____ Provided information
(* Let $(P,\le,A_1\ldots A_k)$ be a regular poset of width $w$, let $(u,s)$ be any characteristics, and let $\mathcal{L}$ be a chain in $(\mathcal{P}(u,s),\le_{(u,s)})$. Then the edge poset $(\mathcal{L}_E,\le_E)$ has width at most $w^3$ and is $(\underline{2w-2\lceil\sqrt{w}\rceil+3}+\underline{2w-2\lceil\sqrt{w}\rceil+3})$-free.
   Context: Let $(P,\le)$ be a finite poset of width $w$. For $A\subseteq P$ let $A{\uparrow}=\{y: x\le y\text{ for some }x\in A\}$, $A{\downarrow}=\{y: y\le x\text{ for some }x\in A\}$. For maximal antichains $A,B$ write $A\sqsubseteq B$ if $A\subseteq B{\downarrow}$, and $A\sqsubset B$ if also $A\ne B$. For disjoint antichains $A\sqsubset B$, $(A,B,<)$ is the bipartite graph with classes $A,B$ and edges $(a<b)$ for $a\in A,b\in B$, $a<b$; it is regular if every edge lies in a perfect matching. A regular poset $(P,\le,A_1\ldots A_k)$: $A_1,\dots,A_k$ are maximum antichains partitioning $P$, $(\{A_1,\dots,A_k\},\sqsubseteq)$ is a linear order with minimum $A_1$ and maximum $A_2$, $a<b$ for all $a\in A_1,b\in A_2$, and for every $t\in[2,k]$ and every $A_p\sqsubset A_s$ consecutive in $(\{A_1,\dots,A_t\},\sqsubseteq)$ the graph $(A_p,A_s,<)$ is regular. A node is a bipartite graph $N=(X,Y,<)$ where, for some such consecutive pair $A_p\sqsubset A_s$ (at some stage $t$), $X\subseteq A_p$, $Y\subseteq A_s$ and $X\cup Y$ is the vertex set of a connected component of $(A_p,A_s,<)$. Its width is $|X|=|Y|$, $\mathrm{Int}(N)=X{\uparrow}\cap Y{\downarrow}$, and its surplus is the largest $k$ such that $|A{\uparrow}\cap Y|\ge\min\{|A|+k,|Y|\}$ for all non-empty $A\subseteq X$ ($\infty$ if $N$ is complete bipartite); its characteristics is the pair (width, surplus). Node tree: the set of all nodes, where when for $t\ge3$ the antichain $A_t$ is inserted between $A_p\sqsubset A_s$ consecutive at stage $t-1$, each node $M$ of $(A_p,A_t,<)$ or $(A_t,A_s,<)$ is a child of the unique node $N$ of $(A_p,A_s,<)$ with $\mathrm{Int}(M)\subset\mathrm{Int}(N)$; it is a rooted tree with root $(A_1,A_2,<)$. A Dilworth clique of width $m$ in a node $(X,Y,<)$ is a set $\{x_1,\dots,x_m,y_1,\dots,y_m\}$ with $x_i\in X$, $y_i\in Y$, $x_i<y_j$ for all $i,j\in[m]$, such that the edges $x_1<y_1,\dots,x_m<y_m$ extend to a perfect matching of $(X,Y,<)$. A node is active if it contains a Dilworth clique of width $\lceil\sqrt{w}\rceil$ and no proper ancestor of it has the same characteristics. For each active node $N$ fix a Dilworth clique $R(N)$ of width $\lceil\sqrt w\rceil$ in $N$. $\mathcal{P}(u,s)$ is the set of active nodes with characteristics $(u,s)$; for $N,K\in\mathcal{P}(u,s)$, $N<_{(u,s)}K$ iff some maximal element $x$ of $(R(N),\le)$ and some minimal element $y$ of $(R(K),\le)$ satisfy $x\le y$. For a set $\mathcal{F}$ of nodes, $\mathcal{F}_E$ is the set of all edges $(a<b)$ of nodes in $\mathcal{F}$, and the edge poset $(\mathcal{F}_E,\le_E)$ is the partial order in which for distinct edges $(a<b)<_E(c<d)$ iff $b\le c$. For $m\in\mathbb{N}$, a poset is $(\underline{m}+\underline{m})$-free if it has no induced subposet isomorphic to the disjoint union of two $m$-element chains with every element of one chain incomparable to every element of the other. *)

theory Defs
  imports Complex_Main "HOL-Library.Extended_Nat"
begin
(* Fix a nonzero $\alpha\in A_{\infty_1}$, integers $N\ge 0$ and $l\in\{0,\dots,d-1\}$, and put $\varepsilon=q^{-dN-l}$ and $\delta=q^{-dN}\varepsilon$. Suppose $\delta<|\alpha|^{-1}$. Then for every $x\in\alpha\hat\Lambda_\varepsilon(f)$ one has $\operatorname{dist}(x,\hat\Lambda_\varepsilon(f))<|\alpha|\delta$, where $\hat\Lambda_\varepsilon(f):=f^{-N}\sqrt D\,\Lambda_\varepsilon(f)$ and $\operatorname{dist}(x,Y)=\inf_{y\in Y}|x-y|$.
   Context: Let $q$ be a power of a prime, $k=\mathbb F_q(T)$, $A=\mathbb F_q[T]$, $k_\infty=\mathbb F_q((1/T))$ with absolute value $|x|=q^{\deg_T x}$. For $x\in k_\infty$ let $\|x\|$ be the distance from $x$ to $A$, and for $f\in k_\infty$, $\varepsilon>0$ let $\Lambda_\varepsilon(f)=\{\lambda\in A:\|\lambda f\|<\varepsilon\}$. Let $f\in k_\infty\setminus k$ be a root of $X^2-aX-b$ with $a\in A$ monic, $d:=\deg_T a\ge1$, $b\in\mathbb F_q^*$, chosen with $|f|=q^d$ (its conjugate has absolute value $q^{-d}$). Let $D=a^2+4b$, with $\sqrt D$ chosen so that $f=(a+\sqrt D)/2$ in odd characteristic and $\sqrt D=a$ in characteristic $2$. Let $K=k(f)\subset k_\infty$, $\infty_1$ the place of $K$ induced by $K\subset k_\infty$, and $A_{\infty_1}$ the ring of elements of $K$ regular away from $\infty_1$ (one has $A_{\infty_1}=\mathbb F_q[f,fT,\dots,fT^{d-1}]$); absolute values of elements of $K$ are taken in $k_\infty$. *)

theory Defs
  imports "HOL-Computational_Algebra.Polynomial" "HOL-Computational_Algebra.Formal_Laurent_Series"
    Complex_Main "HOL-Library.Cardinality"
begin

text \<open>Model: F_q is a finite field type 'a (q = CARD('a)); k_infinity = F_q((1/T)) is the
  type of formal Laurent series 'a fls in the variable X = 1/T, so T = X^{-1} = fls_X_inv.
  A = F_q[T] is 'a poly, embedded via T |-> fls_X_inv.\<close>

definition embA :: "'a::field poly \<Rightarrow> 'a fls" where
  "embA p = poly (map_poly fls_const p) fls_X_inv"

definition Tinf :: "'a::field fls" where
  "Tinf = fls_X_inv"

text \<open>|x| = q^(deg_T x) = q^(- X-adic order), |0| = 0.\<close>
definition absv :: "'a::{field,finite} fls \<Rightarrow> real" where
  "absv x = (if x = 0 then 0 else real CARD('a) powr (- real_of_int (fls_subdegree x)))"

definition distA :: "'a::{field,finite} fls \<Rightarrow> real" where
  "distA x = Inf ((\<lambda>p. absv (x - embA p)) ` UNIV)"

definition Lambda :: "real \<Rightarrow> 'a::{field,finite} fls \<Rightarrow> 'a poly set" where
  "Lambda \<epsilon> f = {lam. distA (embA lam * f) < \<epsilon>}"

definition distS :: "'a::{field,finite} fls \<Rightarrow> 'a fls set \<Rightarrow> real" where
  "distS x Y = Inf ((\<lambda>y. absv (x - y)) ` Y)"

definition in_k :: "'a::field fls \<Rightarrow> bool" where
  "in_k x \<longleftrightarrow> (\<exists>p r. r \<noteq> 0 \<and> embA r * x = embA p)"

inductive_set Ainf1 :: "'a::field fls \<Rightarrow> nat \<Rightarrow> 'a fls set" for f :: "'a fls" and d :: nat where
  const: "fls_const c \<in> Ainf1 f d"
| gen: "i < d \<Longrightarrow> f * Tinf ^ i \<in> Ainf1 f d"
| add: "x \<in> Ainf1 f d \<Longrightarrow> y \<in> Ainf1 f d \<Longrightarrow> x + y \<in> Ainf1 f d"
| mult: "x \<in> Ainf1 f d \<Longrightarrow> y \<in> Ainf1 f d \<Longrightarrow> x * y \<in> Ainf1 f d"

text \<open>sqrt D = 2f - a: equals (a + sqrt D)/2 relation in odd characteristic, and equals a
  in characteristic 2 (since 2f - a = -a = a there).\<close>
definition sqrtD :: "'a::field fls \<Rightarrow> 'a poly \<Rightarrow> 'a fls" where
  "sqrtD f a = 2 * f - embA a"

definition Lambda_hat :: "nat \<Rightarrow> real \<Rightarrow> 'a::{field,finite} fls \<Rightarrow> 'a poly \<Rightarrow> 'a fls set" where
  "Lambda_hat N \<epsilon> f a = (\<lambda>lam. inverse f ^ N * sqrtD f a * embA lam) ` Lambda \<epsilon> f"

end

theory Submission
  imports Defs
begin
________
* **Task to complete**: From the line containing "d :: nat where" down to the line containing "d \<Longrightarrow> x *" in the material above, reproduce every line exactly, including the two end lines.

* **Your solution**:
inductive_set Ainf1 :: "'a::field fls \<Rightarrow> nat \<Rightarrow> 'a fls set" for f :: "'a fls" and d :: nat where
  const: "fls_const c \<in> Ainf1 f d"
| gen: "i < d \<Longrightarrow> f * Tinf ^ i \<in> Ainf1 f d"
| add: "x \<in> Ainf1 f d \<Longrightarrow> y \<in> Ainf1 f d \<Longrightarrow> x + y \<in> Ainf1 f d"
| mult: "x \<in> Ainf1 f d \<Longrightarrow> y \<in> Ainf1 f d \<Longrightarrow> x * y \<in> Ainf1 f d"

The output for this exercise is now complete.